A German woman reacting to the vicious gang rape of a 15-year-old by ten predominately migrant men is set to spend a weekend behind bars for alleged “hate postings” made over WhatsApp to one of the attackers.
The gang rape was perpetrated in September 2020 in a prominent public park in Hamburg, with the ten men, ranging from 16 to 20 years old, taking advantage of the teen’s inebriated state and the lack of witnesses due to ongoing lockdown measures.
The nature of the gang rape, as well as the fact it was organized over a group chat, attracted particular horror in the courtroom and the popular press.
German press reports that five of the ten men were non-German nationals, including from Afghanistan and Syria, with all of the attackers of non-German extraction. Only one of the men found guilty at the trial was given a prison sentence—of two years and nine months. The rest of the attackers were given mild community service and suspended sentences.
A juvenile court in Hamburg received intense online criticism for the judicial decision to give nine out of the ten men non-custodial sentences. In the wake of the sentences, one of the rapists was identified by name online, and his cell phone number circulated on the Snapchat app.
A 20-year-old woman, with no connection to either the victim or the perpetrators, admitted to police to sending threatening Whatsapp messages to one of the rapists. Among other things, she referred to him as a “dishonourable rapist pig” and a “disgusting freak,” asking him if he wasn’t ashamed when he looked in the mirror, and saying he wouldn’t be able to go anywhere “without getting a punch in the face.”
The public prosecutor described the woman’s messages as “a torrent of insults.” The 20-year-old expressed remorse and said she had vented her anger “without thinking twice” because she thought the rapist deserved it, but that she realised her actions didn’t “make anyone better.”
German authorities have announced that they are investigating 140 other individuals for ‘hate speech’ relating to the trial.
District judge Anne Meier-Göring, responsible for handing out the lenient sentences for the rapists, found herself praised in left-leaning German publications for her ruling, with one in particular referring to the judge’s ruling as a sign she was not to be “pressured by public opinion-making” and calling her “brave and smart.”
Hamburg’s judicial union came to Meier-Göring’s defence last year when she was the subject of online commentary with an “anti-immigrant tone” as the legal association denounced the rhetoric against the controversial judge as an attack on the “rule of law.’

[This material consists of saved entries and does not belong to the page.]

(* Let $\mathbb{I}=\{\mathbb{I}_1,\dots,\mathbb{I}_N\}$ be a random iterated function system on a compact metric space $(K,d)$ (see context), and write $h=\inf_{u\in\Omega}\dim_{\mathrm H}F_u$. Assume that $\mathbb{I}$ satisfies the $\mathcal{H}^h$-measure separated condition and that there exists $v=(v_1,v_2,\dots)\in\Omega$ such that $\lim_{l\to\infty}\sum_{j_1\in\mathcal{I}_{v_1},\dots,j_l\in\mathcal{I}_{v_l}}\mathrm{Lip}^-(S_{v_1,j_1}\circ\cdots\circ S_{v_l,j_l})^h=\infty.$ Then: (1) if $\inf_{u\in\Omega}\mathcal{H}^h(F_u)=0$, then for a typical $\omega\in\Omega$, $\mathcal{H}^h(F_\omega)=0$; (2) if $\inf_{u\in\Omega}\mathcal{H}^h(F_u)>0$, then for a typical $\omega\in\Omega$, $\mathcal{H}^h(F_\omega)=\infty$.
   Context: A random iterated function system on a compact metric space $(K,d)$ is a finite set $\mathbb{I}=\{\mathbb{I}_1,\dots,\mathbb{I}_N\}$ with $\mathbb{I}_i=\{S_{i,j}\}_{j\in\mathcal{I}_i}$, $\mathcal{I}_i$ finite nonempty, each $S_{i,j}:K\to K$ a bi-Lipschitz contraction: $0<\mathrm{Lip}^-(S_{i,j})\le\mathrm{Lip}^+(S_{i,j})<1$ where $\mathrm{Lip}^-(\phi)=\inf_{x\ne y}d(\phi x,\phi y)/d(x,y)$, $\mathrm{Lip}^+(\phi)=\sup_{x\ne y}d(\phi x,\phi y)/d(x,y)$. $\Omega=\{1,\dots,N\}^{\mathbb{N}}$ and for $\omega\in\Omega$, $F_\omega=\bigcap_k\bigcup_{i_1\in\mathcal{I}_{\omega_1},\dots,i_k\in\mathcal{I}_{\omega_k}}S_{\omega_1,i_1}\circ\cdots\circ S_{\omega_k,i_k}(K)$. $\Omega$ has the metric $d_\Omega(u,v)=2^{-\min\{n:u_n\ne v_n\}}$; "typical $\omega$" means the set of such $\omega$ is residual (complement is a countable union of nowhere dense sets) in $(\Omega,d_\Omega)$. $\mathcal{H}^s$ denotes $s$-dimensional Hausdorff measure and $\dim_{\mathrm H}$ Hausdorff dimension. For a Borel measure $\mu$ on $K$, $\mathbb{I}$ satisfies the $\mu$-measure separated condition if for all $\omega\in\Omega$, $l\in\{1,\dots,N\}$ and $i\ne j$ in $\mathcal{I}_l$, $\mu(S_{l,i}(F_\omega)\cap S_{l,j}(F_\omega))=0$. *)

theory Defs
  imports "HOL-Analysis.Analysis"
begin

text \<open>Contribution of a covering set U to the s-dimensional sum: diam(U)^s,
  with the usual conventions: the empty set contributes 0, and for s = 0 every
  nonempty set contributes 1 (so that H^0 is counting measure).\<close>
definition hterm :: "real \<Rightarrow> 'a::metric_space set \<Rightarrow> ennreal" where
  "hterm s U = (if U = {} then 0 else if s = 0 then 1 else ennreal (diameter U powr s))"

definition hausdorff_pre :: "real \<Rightarrow> real \<Rightarrow> 'a::metric_space set \<Rightarrow> ennreal" where
  "hausdorff_pre s \<delta> A =
     (INF U \<in> {U :: nat \<Rightarrow> 'a set. A \<subseteq> (\<Union>i. U i) \<and> (\<forall>i. bounded (U i) \<and> diameter (U i) \<le> \<delta>)}.
        (\<Sum>i. hterm s (U i)))"

definition hausdorff_measure :: "real \<Rightarrow> 'a::metric_space set \<Rightarrow> ennreal" where
  "hausdorff_measure s A = (SUP \<delta> \<in> {0<..}. hausdorff_pre s \<delta> A)"

definition hausdorff_dim :: "'a::metric_space set \<Rightarrow> ereal" where
  "hausdorff_dim A = Inf {ereal s | s. s \<ge> 0 \<and> hausdorff_measure s A = 0}"

definition lip_lower :: "'a::metric_space set \<Rightarrow> ('a \<Rightarrow> 'a) \<Rightarrow> real" where
  "lip_lower K f = Inf {dist (f x) (f y) / dist x y | x y. x \<in> K \<and> y \<in> K \<and> x \<noteq> y}"

definition lip_upper :: "'a::metric_space set \<Rightarrow> ('a \<Rightarrow> 'a) \<Rightarrow> ereal" where
  "lip_upper K f = Sup {ereal (dist (f x) (f y) / dist x y) | x y. x \<in> K \<and> y \<in> K \<and> x \<noteq> y}"

text \<open>Sequences are indexed from 0: position n here is position n+1 in the paper.\<close>
definition omega_space :: "nat \<Rightarrow> (nat \<Rightarrow> nat) set" where
  "omega_space N = {\<omega>. \<forall>n. \<omega> n \<in> {1..N}}"

definition omega_dist :: "(nat \<Rightarrow> nat) \<Rightarrow> (nat \<Rightarrow> nat) \<Rightarrow> real" where
  "omega_dist u v = (if u = v then 0 else (1/2) ^ Suc (LEAST n. u n \<noteq> v n))"

definition omega_top :: "nat \<Rightarrow> (nat \<Rightarrow> nat) topology" where
  "omega_top N = Metric_space.mtopology (omega_space N) omega_dist"

fun wcomp :: "(nat \<Rightarrow> nat \<Rightarrow> 'a \<Rightarrow> 'a) \<Rightarrow> (nat \<Rightarrow> nat) \<Rightarrow> (nat \<Rightarrow> nat) \<Rightarrow> nat \<Rightarrow> 'a \<Rightarrow> 'a" where
  "wcomp S \<omega> j 0 = id"
| "wcomp S \<omega> j (Suc k) = wcomp S \<omega> j k \<circ> S (\<omega> k) (j k)"

definition words :: "(nat \<Rightarrow> nat set) \<Rightarrow> (nat \<Rightarrow> nat) \<Rightarrow> nat \<Rightarrow> (nat \<Rightarrow> nat) set" where
  "words I \<omega> k = Pi\<^sub>E {..<k} (\<lambda>i. I (\<omega> i))"

definition rattractor :: "'a set \<Rightarrow> (nat \<Rightarrow> nat set) \<Rightarrow> (nat \<Rightarrow> nat \<Rightarrow> 'a \<Rightarrow> 'a) \<Rightarrow> (nat \<Rightarrow> nat) \<Rightarrow> 'a set" where
  "rattractor K I S \<omega> = (\<Inter>k. \<Union>j \<in> words I \<omega> k. wcomp S \<omega> j k ` K)"

definition nowhere_dense :: "'a topology \<Rightarrow> 'a set \<Rightarrow> bool" where
  "nowhere_dense X A \<longleftrightarrow> A \<subseteq> topspace X \<and> X interior_of (X closure_of A) = {}"

definition residual :: "'a topology \<Rightarrow> 'a set \<Rightarrow> bool" where
  "residual X A \<longleftrightarrow> A \<subseteq> topspace X \<and>
     (\<exists>B :: nat \<Rightarrow> 'a set. (\<forall>n. nowhere_dense X (B n)) \<and> topspace X - A \<subseteq> (\<Union>n. B n))"

end

theory Submission
  imports Defs
begin

text \<open>
  Write W_n(\<omega>) for the words of length n along \<omega> and \<sigma> for the shift. The attractor F_\<omega> is
  the union of the images of F_{\<sigma>^n \<omega>} under the compositions indexed by W_n(\<omega>). These maps
  are nonexpanding, so H^h(F_\<omega>) \<le> #W_n(\<omega>) H^h(F_{\<sigma>^n \<omega>}); if the pieces are H^h-almost
  disjoint (which follows from the measure separated condition by cancelling a common prefix),
  then H^h(F_\<omega>) \<ge> \<Sigma> Lip^-(S_j)^h H^h(F_{\<sigma>^n \<omega>}).

  Both statements are Baire-category arguments on \<Omega>, where every cylinder must be shown to
  contain a subcylinder avoiding an exceptional set. For (1), extend a given prefix by a
  sequence u with H^h(F_u) tiny: the resulting attractor has tiny premeasure at a fixed scale,
  witnessed by an open cover, and the attractors of all sequences in a deep enough cylinder lie
  in that open set. For (2), extend the prefix by the first l letters of v: the second inequality,
  applied twice, bounds H^h of the attractors of the whole subcylinder from below by a positive
  multiple of the l-th sum in the hypothesis, which tends to infinity.
\<close>

section \<open>Hausdorff premeasure and measure\<close>

lemma hausdorff_pre_le_cover:
  assumes "A \<subseteq> (\<Union>i. U i)" "\<And>i. bounded (U i)" "\<And>i. diameter (U i) \<le> \<delta>"
  shows "hausdorff_pre s \<delta> A \<le> (\<Sum>i. hterm s (U i))"
  unfolding hausdorff_pre_def by (rule INF_lower) (use assms in auto)

lemma hausdorff_pre_less_cover:
  assumes "hausdorff_pre s \<delta> A < t"
  obtains U where "A \<subseteq> (\<Union>i. U i)" "\<And>i. bounded (U i)" "\<And>i. diameter (U i) \<le> \<delta>"
    "(\<Sum>i. hterm s (U i)) < t"
  using assms unfolding hausdorff_pre_def INF_less_iff by blast

lemma hausdorff_pre_mono: "A \<subseteq> B \<Longrightarrow> hausdorff_pre s \<delta> A \<le> hausdorff_pre s \<delta> B"
  unfolding hausdorff_pre_def by (rule INF_superset_mono) auto

lemma hausdorff_pre_antimono: "\<delta> \<le> \<delta>' \<Longrightarrow> hausdorff_pre s \<delta>' A \<le> hausdorff_pre s \<delta> A"
  unfolding hausdorff_pre_def by (rule INF_superset_mono) (auto intro: order_trans)

lemma hausdorff_pre_le_measure: "0 < \<delta> \<Longrightarrow> hausdorff_pre s \<delta> A \<le> hausdorff_measure s A"
  unfolding hausdorff_measure_def by (rule SUP_upper) auto

lemma hausdorff_measure_mono: "A \<subseteq> B \<Longrightarrow> hausdorff_measure s A \<le> hausdorff_measure s B"
  unfolding hausdorff_measure_def by (rule SUP_mono) (auto intro: hausdorff_pre_mono)

lemma hausdorff_measure_leI:
  "(\<And>\<delta>. 0 < \<delta> \<Longrightarrow> hausdorff_pre s \<delta> A \<le> c) \<Longrightarrow> hausdorff_measure s A \<le> c"
  unfolding hausdorff_measure_def by (rule SUP_least) auto

lemma hterm_empty [simp]: "hterm s {} = 0"
  by (simp add: hterm_def)

lemma hterm_mono:
  assumes "V \<noteq> {} \<Longrightarrow> U \<noteq> {}" "bounded V" "diameter V \<le> diameter U" "0 \<le> s"
  shows "hterm s V \<le> hterm s U"
  using assms diameter_ge_0[OF assms(2)] by (auto simp: hterm_def intro!: powr_mono2)

lemma diameter_leI:
  fixes A :: "'a::metric_space set"
  assumes "\<And>x y. x \<in> A \<Longrightarrow> y \<in> A \<Longrightarrow> dist x y \<le> d" "0 \<le> d"
  shows "diameter A \<le> d"
  using assms unfolding diameter_def by (auto intro!: cSUP_least)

An influx of millions of non-European migrants from the Middle East and North Africa has radically transformed the nature of crime in Germany, with authorities in the same city of Hamburg where the gang rape happened shooting dead an axe-wielding Islamist during a football event last week. As we reported earlier this week, the Berlin police commissioner said in an interview that a majority of violent crimes in her city are committed by young migrant men.